BMD response in the odanacatib phase 2 trial: Prespecified threshold and subgroup analyses

Background: Odanacatib (ODN) is a cathepsin K inhibitor in phase 3 development for osteoporosis. Treatment with ODN 50 mg once weekly for 2 years resulted in placebo (PBO)-subtracted mean increases in lumbar spine (LS) and total hip (TH) bone mineral density (BMD) of 5.7% and 4.1% respectively, P≤0.001 vs. placebo. Five years of continuous treatment with ODN 50 mg resulted in BMD increases from baseline of 11.9% at LS and 8.5% at TH, and sustained reductions in bone resorption markers. In contrast, levels of bone formation markers were near baseline. Objectives:To evaluate BMD response by thresholds and in pre-specified subgroups.

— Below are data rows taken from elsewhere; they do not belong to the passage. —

lemma zero_outside_extension:
  assumes i: "i \<in> \<Gamma>" and j: "j \<in> \<Gamma>" and g: "g \<in> Lip0 (Y j) 0"
  shows "zero_outside (Y i) (extension j g) = (if i = j then g else (\<lambda>x. 0))"
proof
  fix y
  have "extension j g y = g y" if "i = j" "y \<in> Y i"
    using that pnorm_weight_on_Y[OF j] P_on_Y[OF j] Lip0_base[OF g]
    by (cases "y = 0") (auto simp: extension_def)
  moreover have "extension j g y = 0" if "i \<noteq> j" "y \<in> Y i"
    using that P_on_other_Y[OF i j] Lip0_base[OF g] by (simp add: extension_def)
  moreover have "g y = 0" if "y \<notin> Y j"
    using that g by (simp add: Lip0_def)
  ultimately show "zero_outside (Y i) (extension j g) y = (if i = j then g else (\<lambda>x. 0)) y"
    by (auto simp: zero_outside_def)
qed

text \<open>Each point lies in the support of at most one weight, so a sum of extensions changes,
  between two points, in at most two of its terms.\<close>

lemma sum_extension_lipschitz:
  assumes fin: "finite F" and F: "F \<subseteq> \<Gamma>"
    and g: "\<And>j. j \<in> F \<Longrightarrow> g j \<in> Lip0 (Y j) 0 \<and> lipconst (Y j) (g j) \<le> 1"
  shows "(8 * K)-lipschitz_on UNIV (\<lambda>x. \<Sum>j\<in>F. extension j (g j) x)"
proof (rule lipschitz_onI)
  have each: "(4 * K)-lipschitz_on UNIV (extension j (g j))" if j: "j \<in> F" for j
    using g[OF j] j F K_ge_1 by (intro lipschitz_on_le[OF extension_lipschitz]) auto
  fix x y :: 'a
  define A where "A = {j\<in>F. weight j x > 0} \<union> {j\<in>F. weight j y > 0}"
  have AF: "A \<subseteq> F" unfolding A_def by auto
  have card_A: "card A \<le> 2"
    using card_Un_le[of "{j\<in>F. weight j x > 0}" "{j\<in>F. weight j y > 0}"]
      card_weight_pos_le_1[OF fin F, of x] card_weight_pos_le_1[OF fin F, of y]
    unfolding A_def by linarith
  have "(\<Sum>j\<in>F. extension j (g j) x) - (\<Sum>j\<in>F. extension j (g j) y)
      = (\<Sum>j\<in>F. extension j (g j) x - extension j (g j) y)"
    by (simp add: sum_subtractf)
  also have "\<dots> = (\<Sum>j\<in>A. extension j (g j) x - extension j (g j) y)"
  proof (intro sum.mono_neutral_right[OF fin AF] ballI)
    fix i assume "i \<in> F - A"
    then have "weight i x = 0" "weight i y = 0"
      unfolding A_def using weight_nonneg[of i x] weight_nonneg[of i y] by auto
    then show "extension i (g i) x - extension i (g i) y = 0" by (simp add: extension_def)
  qed
  finally have "dist (\<Sum>j\<in>F. extension j (g j) x) (\<Sum>j\<in>F. extension j (g j) y)
      \<le> (\<Sum>j\<in>A. \<bar>extension j (g j) x - extension j (g j) y\<bar>)"
    by (simp add: dist_real_def sum_abs)
  also have "\<dots> \<le> (\<Sum>j\<in>A. 4 * K * dist x y)"
    using lipschitz_onD[OF each] AF by (intro sum_mono) (force simp: dist_real_def)
  also have "\<dots> \<le> 2 * (4 * K * dist x y)"
    using card_A K_ge_1 by (simp add: mult_right_mono)
  finally show "dist (\<Sum>j\<in>F. extension j (g j) x) (\<Sum>j\<in>F. extension j (g j) y) \<le> 8 * K * dist x y"
    by simp
qed (use K_ge_1 in simp)

definition embed :: "('j \<Rightarrow> ('a \<Rightarrow> real) \<Rightarrow> real) \<Rightarrow> ('a \<Rightarrow> real) \<Rightarrow> real" where
  "embed u = (\<lambda>f. if f \<in> Lip0 UNIV 0 then infsum (\<lambda>j. u j (zero_outside (Y j) f)) \<Gamma> else 0)"

lemma embed_term_bound:
  assumes u: "u \<in> l1_free_sum \<Gamma> Y" and f: "f \<in> Lip0 UNIV 0" and j: "j \<in> \<Gamma>"
  shows "\<bar>u j (zero_outside (Y j) f)\<bar> \<le> lipconst UNIV f * dualnorm (Y j) 0 (u j)"
proof -
  have "\<bar>u j (zero_outside (Y j) f)\<bar> \<le> dualnorm (Y j) 0 (u j) * lipconst (Y j) (zero_outside (Y j) f)"
    by (rule Lip0_dual_bound[OF l1_free_sum_Lip0_dual[OF u j]
          zero_outside_Lip0(1)[OF f zero_in_Y[OF j]]])
  also have "\<dots> \<le> dualnorm (Y j) 0 (u j) * lipconst UNIV f"
    by (rule mult_left_mono[OF zero_outside_Lip0(2)[OF f zero_in_Y[OF j]]
          dualnorm_nonneg[OF l1_free_sum_Lip0_dual[OF u j]]])
  finally show ?thesis by (simp add: mult.commute)
qed

lemma embed_abs_summable:
  assumes u: "u \<in> l1_free_sum \<Gamma> Y" and f: "f \<in> Lip0 UNIV 0"
  shows "(\<lambda>j. \<bar>u j (zero_outside (Y j) f)\<bar>) summable_on \<Gamma>"
  by (rule summable_on_comparison_test[OF summable_on_cmult_right[OF l1_free_sum_summable[OF u]]])
     (use embed_term_bound[OF u f] in auto)

lemma embed_summable:
  assumes u: "u \<in> l1_free_sum \<Gamma> Y" and f: "f \<in> Lip0 UNIV 0"
  shows "(\<lambda>j. u j (zero_outside (Y j) f)) summable_on \<Gamma>"
  using embed_abs_summable[OF assms] summable_on_iff_abs_summable_on_real by fastforce

lemma embed_bound:
  assumes u: "u \<in> l1_free_sum \<Gamma> Y" and f: "f \<in> Lip0 UNIV 0"
  shows "\<bar>embed u f\<bar> \<le> l1_norm \<Gamma> Y u * lipconst UNIV f"
proof -
  have "\<bar>embed u f\<bar> = norm (infsum (\<lambda>j. u j (zero_outside (Y j) f)) \<Gamma>)" using f by (simp add: embed_def)
  also have "\<dots> \<le> infsum (\<lambda>j. \<bar>u j (zero_outside (Y j) f)\<bar>) \<Gamma>"
    using norm_infsum_bound[of "\<lambda>j. u j (zero_outside (Y j) f)" \<Gamma>] embed_abs_summable[OF u f] by simp
  also have "\<dots> \<le> infsum (\<lambda>j. lipconst UNIV f * dualnorm (Y j) 0 (u j)) \<Gamma>"
    by (rule infsum_mono)
       (use embed_abs_summable[OF u f] summable_on_cmult_right[OF l1_free_sum_summable[OF u]]
         embed_term_bound[OF u f] in auto)
  also have "\<dots> = lipconst UNIV f * l1_norm \<Gamma> Y u"
    unfolding l1_norm_def by (rule infsum_cmult_right')
  finally show ?thesis by (simp add: mult.commute)
qed
lemma local_norm_cong: "(\<And>i. i < m \<Longrightarrow> i \<in> S \<longleftrightarrow> i \<in> S') \<Longrightarrow> local_norm m S g = local_norm m S' g"
  unfolding local_norm_def using local_basis_cong by metis

lemma overwrite_in_qbasis: "z \<in> qbasis m \<Longrightarrow> overwrite S z v \<in> qbasis m"
  by (simp add: qbasis_def)

lemma apply_op_overwrite:
  assumes z: "z \<in> qbasis m"
  shows "apply_op m S U \<psi> z = (\<Sum>v\<in>local_basis m S. U (restr S z) v * \<psi> (overwrite S z v))"
  unfolding apply_op_def
proof (rule sum.reindex_bij_witness[where i="overwrite S z" and j="restr S"])
  fix w assume w: "w \<in> {w \<in> qbasis m. \<forall>i<m. i \<notin> S \<longrightarrow> w ! i = z ! i}"
  then show e: "overwrite S z (restr S w) = w" using z by (auto simp: qbasis_def list_eq_iff_nth_eq)
  show "restr S w \<in> local_basis m S" using w by (simp add: local_basis_def)
  show "U (restr S z) (restr S w) * \<psi> (overwrite S z (restr S w)) = U (restr S z) (restr S w) * \<psi> w"
    by (simp add: e)
next
  fix v assume v: "v \<in> local_basis m S"
  then show "restr S (overwrite S z v) = v" using z by (auto simp: qbasis_def list_eq_iff_nth_eq local_basis_iff)
  show "overwrite S z v \<in> {w \<in> qbasis m. \<forall>i<m. i \<notin> S \<longrightarrow> w ! i = z ! i}"
    using z v by (auto simp: qbasis_def)
qed

lemma sum_qbasis_split:
  "(\<Sum>z\<in>qbasis m. F z) = (\<Sum>c\<in>local_basis m (-S). \<Sum>u\<in>local_basis m S. F (overwrite S c u))"
proof -
  have "(\<Sum>z\<in>qbasis m. F z) = (\<Sum>p\<in>local_basis m (-S) \<times> local_basis m S. F (overwrite S (fst p) (snd p)))"
  proof (rule sum.reindex_bij_witness[where i="\<lambda>p. overwrite S (fst p) (snd p)" and j="\<lambda>z. (restr (-S) z, restr S z)"])
    fix z assume z: "z \<in> qbasis m"
    then show "overwrite S (fst (restr (- S) z, restr S z)) (snd (restr (- S) z, restr S z)) = z"
      by (auto simp: qbasis_def list_eq_iff_nth_eq)
    show "(restr (- S) z, restr S z) \<in> local_basis m (- S) \<times> local_basis m S" using z by (simp add: local_basis_def)
    show "F (overwrite S (fst (restr (- S) z, restr S z)) (snd (restr (- S) z, restr S z))) = F z"
      using z by (auto simp: qbasis_def intro!: arg_cong[where f=F] simp: list_eq_iff_nth_eq)
  next
    fix p assume p: "p \<in> local_basis m (- S) \<times> local_basis m S"
    then show "(restr (- S) (overwrite S (fst p) (snd p)), restr S (overwrite S (fst p) (snd p))) = p"
      by (cases p) (auto simp: local_basis_iff list_eq_iff_nth_eq)
    show "overwrite S (fst p) (snd p) \<in> qbasis m" using p by (auto simp: local_basis_iff qbasis_def)
  qed
  also have "\<dots> = (\<Sum>c\<in>local_basis m (-S). \<Sum>u\<in>local_basis m S. F (overwrite S c u))"
    by (simp add: sum.cartesian_product case_prod_beta)
  finally show ?thesis .
qed

lemma depends_on_overwrite_in:
  assumes d: "depends_on m S g" and c: "c \<in> qbasis m" and u: "u \<in> local_basis m S"
  shows "g (overwrite S c u) = g u"
proof -
  have "overwrite S c u \<in> qbasis m" "u \<in> qbasis m" using c u local_basis_subset by (auto simp: qbasis_def)
  moreover have "\<forall>i<m. i \<in> S \<longrightarrow> overwrite S c u ! i = u ! i" using c by (simp add: qbasis_def)
  ultimately show ?thesis using d unfolding depends_on_def by blast
qed

lemma depends_on_overwrite_out:
  assumes d: "depends_on m (-S) h" and c: "c \<in> qbasis m"
  shows "h (overwrite S c u) = h c"
proof -
  have "overwrite S c u \<in> qbasis m" using c by (auto simp: qbasis_def)
  moreover have "\<forall>i<m. i \<in> -S \<longrightarrow> overwrite S c u ! i = c ! i" using c by (simp add: qbasis_def)
  ultimately show ?thesis using d c unfolding depends_on_def by blast
qed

Methods: 399 postmenopausal women with low baseline BMD were randomized to ODN 3, 10, 25, 50 mg or PBO weekly, plus vitamin D and calcium. Percent change from baseline in LS BMD was the primary endpoint. Prespecified BMD-change threshold analyses and subgroup analyses by age, ethnicity, and baseline BMD and biomarkers are reported for women who received weekly placebo or ODN 50 mg (the dose being investigated in the phase 3 trial). Results: At the LS, 0%, 95%, 76%, and 41% of participants treated with ODN 50 mg weekly for 2 years had BMD changes of ≤-3%, >0%, >3%, and >6%, respectively, compared with 24%, 48%, 18%, and 7% in the PBO group. At the TH, the proportions were 0%, 85%, 48%, and 19% in the ODN group and 33%, 41%, 8%, and 0% in the PBO group. Subgroup analysis of % changes from baseline in LS BMD after 2 years revealed no statistically significant treatment-subgroup interactions between women who at baseline were <65 vs. ≥65 years old, Caucasian vs. non-Caucasian, or above or below the median values of baseline LS, hip trochanter, or femoral neck BMD or baseline bone resorption markers CTX or DPD. However, there were greater treatment effects in LS BMD in women with lower baseline TH BMD, higher baseline bone resorption marker NTX, or higher baseline bone formation markers BSAP and P1NP (7.2%, 6.6%, 7.5%, 6.9%, respectively) compared with women with the opposite baseline characteristics (4.3%, 4.6%, 4.2%, 4.4%, respectively). TH BMD subgroup analyses showed similar trends of smaller magnitude. Conclusion s: Treatment with ODN 50 mg was considerably more likely than treatment with PBO to increase LS and TH BMD to each threshold level. Subgroup analysis of BMD change suggests that participants with lower BMD or higher bone turnover at baseline may have a greater % BMD increase with ODN treatment.